The Scientific Method: Cultivating Thoroughly Conscious Ignorance
October 28, 2013
Stuart Firestein brilliantly captures the positive influence of ignorance as an often unacknowledged guiding principle in the fits and starts that typically characterize the progression of real science. His book, Ignorance: How It Drives Science, grew out of a course on Ignorance he teaches at Columbia University, where he chairs the department of Biological Sciences and runs a neuroscience research lab. The book is replete with clever anecdotes interleaved with thoughtful analyses - by Firestein and other insightful thinkers and doers - regarding the central importance of ignorance in our quests to acquire knowledge about the world.
Each chapter leads off with a short quote, and the one that starts Chapter 1 sets the stage for the entire book:
"It is very difficult to find a black cat in a dark room," warns an old proverb. "Especially when there is no cat."
He proceeds to channel the wisdom of Princeton mathematician Andrew Wiles (who proved Fermat's Last Theorem) regarding the way science advances:
It's groping and probing and poking, and some bumbling and bungling, and then a switch is discovered, often by accident, and the light is lit, and everyone says "Oh, wow, so that's how it looks," and then it's off into the next dark room, looking for the next mysterious black feline.
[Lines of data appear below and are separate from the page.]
lemma psd_kron:
  assumes P: "psd a P" and Q: "psd b Q"
  shows "psd (a*b) (kron P Q)"
proof (rule psdI)
  have cP: "P \<in> carrier_mat a a" and cQ: "Q \<in> carrier_mat b b" using P Q psd_carrier by auto
  then show "kron P Q \<in> carrier_mat (a*b) (a*b)" by (rule kron_carrier)
  show "hermitian (a*b) (kron P Q)"
    unfolding hermitian_def
  proof (intro allI impI)
    fix i j assume ij: "i < a*b" "j < a*b"
    have "P $$ (i div b, j div b) = cnj (P $$ (j div b, i div b))"
      using psd_hermitian[OF P] ij less_mult_imp_div_less unfolding hermitian_def by blast
    moreover have "Q $$ (i mod b, j mod b) = cnj (Q $$ (j mod b, i mod b))"
      using psd_hermitian[OF Q] ij less_mult_imp_mod_less unfolding hermitian_def by blast
    ultimately show "kron P Q $$ (i,j) = cnj (kron P Q $$ (j,i))"
      using ij cP cQ by (simp add: kron_index)
  qed
  fix f
  obtain K :: nat and w where "P = msum a {..<K} (\<lambda>l. rank1 a (w l))"
    using psd_rank1_decomposition[OF P] by blast
  then have "qform (a*b) (kron P Q) f = (\<Sum>l<K. qform b Q (\<lambda>c. \<Sum>r<a. cnj (w l r) * f (r*b + c)))"
    by (simp add: kron_msum_left[OF cQ] qform_msum qform_kron_rank1[OF cQ])
  then show "Im (qform (a*b) (kron P Q) f) = 0 \<and> Re (qform (a*b) (kron P Q) f) \<ge> 0"
    using psd_qform[OF Q] by (simp add: Im_sum Re_sum sum_nonneg)
qed

lemma mtrace_mult:
  assumes "T \<in> carrier_mat n n" "M \<in> carrier_mat n n"
  shows "mtrace (T * M) = (\<Sum>i<n. \<Sum>j<n. T $$ (i,j) * M $$ (j,i))"
  using assms unfolding mtrace_def by (simp add: scalar_prod_def lessThan_atLeast0)

lemma mtrace_mult_msum:
  assumes T: "T \<in> carrier_mat n n" and F: "\<And>s. s \<in> S \<Longrightarrow> F s \<in> carrier_mat n n"
  shows "mtrace (T * msum n S F) = (\<Sum>s\<in>S. mtrace (T * F s))"
proof -
  have "mtrace (T * msum n S F) = (\<Sum>i<n. \<Sum>j<n. \<Sum>s\<in>S. T $$ (i,j) * F s $$ (j,i))"
    unfolding mtrace_mult[OF T msum_carrier] by (simp add: msum_index sum_distrib_left)
  also have "\<dots> = (\<Sum>i<n. \<Sum>s\<in>S. \<Sum>j<n. T $$ (i,j) * F s $$ (j,i))"
    by (intro sum.cong refl) (rule sum.swap)
  also have "\<dots> = (\<Sum>s\<in>S. \<Sum>i<n. \<Sum>j<n. T $$ (i,j) * F s $$ (j,i))"
    by (rule sum.swap)
  also have "\<dots> = (\<Sum>s\<in>S. mtrace (T * F s))"
    by (intro sum.cong refl) (simp add: mtrace_mult[OF T F])
  finally show ?thesis .
qed
lemma tensor_residual_subgradient:
  assumes a: "a \<in> edom h" and min: "\<And>z. tmodel B p H f h a y \<le> tmodel B p H f h a z"
  shows "eta B f h y \<le> ereal (dnorm B (tensor_residual B p H f a y))"
    and "tensor_residual B p H f a y \<in> subdiff (compfun f h) y"
proof -
  have y: "y \<in> edom h" by (rule tmodel_minimizer_in_edom[OF a min])
  let ?g = "- (taylor_grad p f a y + (H / fact p * bnorm B (y - a) ^ (p - 1)) *\<^sub>R B (y - a))"
  have g: "?g \<in> subdiff h y" by (rule tmodel_minimizer_subgradient[OF a y min])
  have eq: "tensor_residual B p H f a y = grad f y + ?g" by (simp add: tensor_residual_def)
  show "eta B f h y \<le> ereal (dnorm B (tensor_residual B p H f a y))"
    unfolding eq by (rule eta_le_dnorm_subgradient[OF g])
  show "tensor_residual B p H f a y \<in> subdiff (compfun f h) y"
    unfolding eq using y dom_U by (intro subdiff_compfun[OF h_proper f_convex dom_U y _ g] f_has_derivative_grad) auto
qed

lemma uniformly_convex_step_length:
  assumes unif_conv: "\<And>y z Gy Gz. y \<in> edom h \<Longrightarrow> z \<in> edom h \<Longrightarrow>
      Gy \<in> subdiff (compfun f h) y \<Longrightarrow> Gz \<in> subdiff (compfun f h) z \<Longrightarrow>
      (Gy - Gz) \<bullet> (y - z) \<ge> \<sigma> * bnorm B (y - z) powr q"
    and a: "a \<in> edom h" and y: "y \<in> edom h" and R: "R \<in> subdiff (compfun f h) y"
    and descent: "R \<bullet> (y - a) \<le> 0" and eta: "eta B f h a \<noteq> \<infinity>" and r: "bnorm B (y - a) > 0"
  shows "\<sigma> * bnorm B (y - a) powr (q - 1) \<le> real_of_ereal (eta B f h a)"
proof -
  define r where "r = bnorm B (y - a)"
  have ne: "subdiff h a \<noteq> {}" using eta by (auto simp: eta_def)
  have "\<sigma> * r powr q \<le> dnorm B (grad f a + g) * r" if g: "g \<in> subdiff h a" for g
  proof -
    have G: "grad f a + g \<in> subdiff (compfun f h) a"
      using a dom_U by (intro subdiff_compfun[OF h_proper f_convex dom_U a _ g] f_has_derivative_grad) auto
    have "\<sigma> * r powr q \<le> (grad f a + g - R) \<bullet> (a - y)"
      using unif_conv[OF a y G R] by (simp add: r_def bnorm_minus_commute)
    also have "\<dots> = (grad f a + g) \<bullet> (a - y) + R \<bullet> (y - a)"
      by (simp add: inner_diff_left inner_diff_right)
    also have "\<dots> \<le> dnorm B (grad f a + g) * r"
      using inner_le_dnorm_bnorm[of "grad f a + g" "a - y"] descent
      by (simp add: r_def bnorm_minus_commute abs_le_iff)
    finally show ?thesis .
  qed
  then have "\<sigma> * r powr (q - 1) \<le> Inf {dnorm B (grad f a + g) | g. g \<in> subdiff h a}"
    using ne r by (intro cInf_greatest) (auto simp: r_def powr_diff field_simps)
  then show ?thesis using ne by (simp add: eta_def r_def)
qed

lemma tensor_step_bounds:
  assumes lip: "\<And>y z. y \<in> edom h \<Longrightarrow> z \<in> edom h \<Longrightarrow>
      tnorm B p (\<lambda>us. kderiv p f y us - kderiv p f z us) \<le> L * bnorm B (y - z)"
    and L: "0 < L" and H: "H \<ge> real p * L" and q: "q > 1" and \<sigma>: "\<sigma> > 0"
    and unif_conv: "\<And>y z Gy Gz. y \<in> edom h \<Longrightarrow> z \<in> edom h \<Longrightarrow>
      Gy \<in> subdiff (compfun f h) y \<Longrightarrow> Gz \<in> subdiff (compfun f h) z \<Longrightarrow>
      (Gy - Gz) \<bullet> (y - z) \<ge> \<sigma> * bnorm B (y - z) powr q"
    and a: "a \<in> edom h" and min: "\<And>z. tmodel B p H f h a y \<le> tmodel B p H f h a z"
    and eta: "eta B f h a \<noteq> \<infinity>"
  shows "dnorm B (tensor_residual B p H f a y) \<le>
      (L + H) / fact p * (real_of_ereal (eta B f h a) / \<sigma>) powr (real p / (q - 1))"
proof -
  have y: "y \<in> edom h" by (rule tmodel_minimizer_in_edom[OF a min])
  have "L \<le> real p * L" using L p2 by (simp add: mult_le_cancel_right1)
  then have LH: "L \<le> H" using H by linarith
  have C: "(L + H) / fact p \<ge> 0" using L LH by simp
  note bounds = tensor_residual_bounds[OF lip less_imp_le[OF L] LH a y]
  have "bnorm B (y - a) ^ p \<le> (real_of_ereal (eta B f h a) / \<sigma>) powr (real p / (q - 1))"
  proof (cases "y = a")
    case False
    then have r: "bnorm B (y - a) > 0" by (simp add: bnorm_pos)
    have "\<sigma> * bnorm B (y - a) powr (q - 1) \<le> real_of_ereal (eta B f h a)"
      using uniformly_convex_step_length[OF unif_conv a y tensor_residual_subgradient(2)[OF a min] bounds(2) eta r] .
    then have "bnorm B (y - a) powr (q - 1) \<le> real_of_ereal (eta B f h a) / \<sigma>"
      using \<sigma> by (simp add: field_simps)
    then show ?thesis using r q by (intro power_le_powr_of_powr_le) auto
  qed (use p2 in \<open>simp add: power_0_left\<close>)
  then have "(L + H) / fact p * bnorm B (y - a) ^ p \<le>
      (L + H) / fact p * (real_of_ereal (eta B f h a) / \<sigma>) powr (real p / (q - 1))"
    using C by (rule mult_left_mono)
  with bounds(1) L show ?thesis by simp
qed

end

theorem theorem2:
  fixes B :: "'a::euclidean_space \<Rightarrow> 'a"
    and f :: "'a \<Rightarrow> real" and h :: "'a \<Rightarrow> ereal"
    and U :: "'a set" and p :: nat and L H \<sigma> q :: real
    and x :: "nat \<Rightarrow> 'a"
  assumes B_lin: "linear B"
    and B_sa: "\<And>u v. B u \<bullet> v = u \<bullet> B v"
    and B_pd: "\<And>u. u \<noteq> 0 \<Longrightarrow> B u \<bullet> u > 0"
    and p2: "p \<ge> 2"
    and h_proper: "proper_fun h" and h_closed: "closed_fun h" and h_convex: "convex_fun h"
    and U_open: "open U" and U_convex: "convex U" and domU: "edom h \<subseteq> U"
    and f_convex: "convex_on U f"
    and f_diff: "ktimes_differentiable_on p f U"
    and L_pos: "0 < L"
    and f_lip: "\<And>y z. y \<in> edom h \<Longrightarrow> z \<in> edom h \<Longrightarrow>
                  tnorm B p (\<lambda>us. kderiv p f y us - kderiv p f z us) \<le> L * bnorm B (y - z)"
    and H_ge: "H \<ge> real p * L"
    and q2: "q \<ge> 2" and \<sigma>_pos: "\<sigma> > 0"
    and unif_conv: "\<And>y z Gy Gz. y \<in> edom h \<Longrightarrow> z \<in> edom h \<Longrightarrow>
                  Gy \<in> subdiff (compfun f h) y \<Longrightarrow> Gz \<in> subdiff (compfun f h) z \<Longrightarrow>
                  (Gy - Gz) \<bullet> (y - z) \<ge> \<sigma> * bnorm B (y - z) powr q"
    and x0: "x 0 \<in> edom h"
    and step: "\<And>k y. tmodel B p H f h (x k) (x (Suc k)) \<le> tmodel B p H f h (x k) y"
  shows "eta B f h (x (Suc k)) \<le>
           ereal (dnorm B (grad f (x (Suc k)) - taylor_grad p f (x k) (x (Suc k))
              - (H / fact p * bnorm B (x (Suc k) - x k) ^ (p - 1)) *\<^sub>R B (x (Suc k) - x k)))
         \<and> (eta B f h (x k) \<noteq> \<infinity> \<longrightarrow>
            dnorm B (grad f (x (Suc k)) - taylor_grad p f (x k) (x (Suc k))
              - (H / fact p * bnorm B (x (Suc k) - x k) ^ (p - 1)) *\<^sub>R B (x (Suc k) - x k))
            \<le> (L + H) / fact p * (real_of_ereal (eta B f h (x k)) / \<sigma>) powr (real p / (q - 1)))"
proof -
  interpret composite_tensor_problem B f h U p
    using B_lin B_sa B_pd p2 h_proper h_convex U_open domU f_convex f_diff
    by (simp add: composite_tensor_problem_def composite_tensor_problem_axioms_def pos_def_operator_def)
  have edom: "x j \<in> edom h" for j
    by (induction j) (use x0 tmodel_minimizer_in_edom step in blast)+
  have "q > 1" using q2 by simp
  from tensor_residual_subgradient(1)[OF edom step]
    tensor_step_bounds[OF f_lip L_pos H_ge \<open>q > 1\<close> \<sigma>_pos unif_conv edom step]
  show ?thesis unfolding tensor_residual_def by blast
qed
Firestein is careful to distinguish the "willful stupidity" and "callow indifference to facts and logic" exhibited by those who are "unaware, unenlightened, and surprisingly often occupy elected offices" from a more knowledgeable, perceptive and insightful ignorance. As physicist James Clerk Maxwell describes it, this "thoroughly conscious ignorance is the prelude to every real advance in science."
The author disputes the view of science as a collection of facts, and instead invites the reader to focus on questions rather than answers, to cultivate what poet John Keats' calls "negative capability": the ability to dwell in "uncertainty without irritability". This notion is further elaborated by philosopher-scientist Erwin Schrodinger:
In an honest search for knowledge you quite often have to abide by ignorance for an indefinite period.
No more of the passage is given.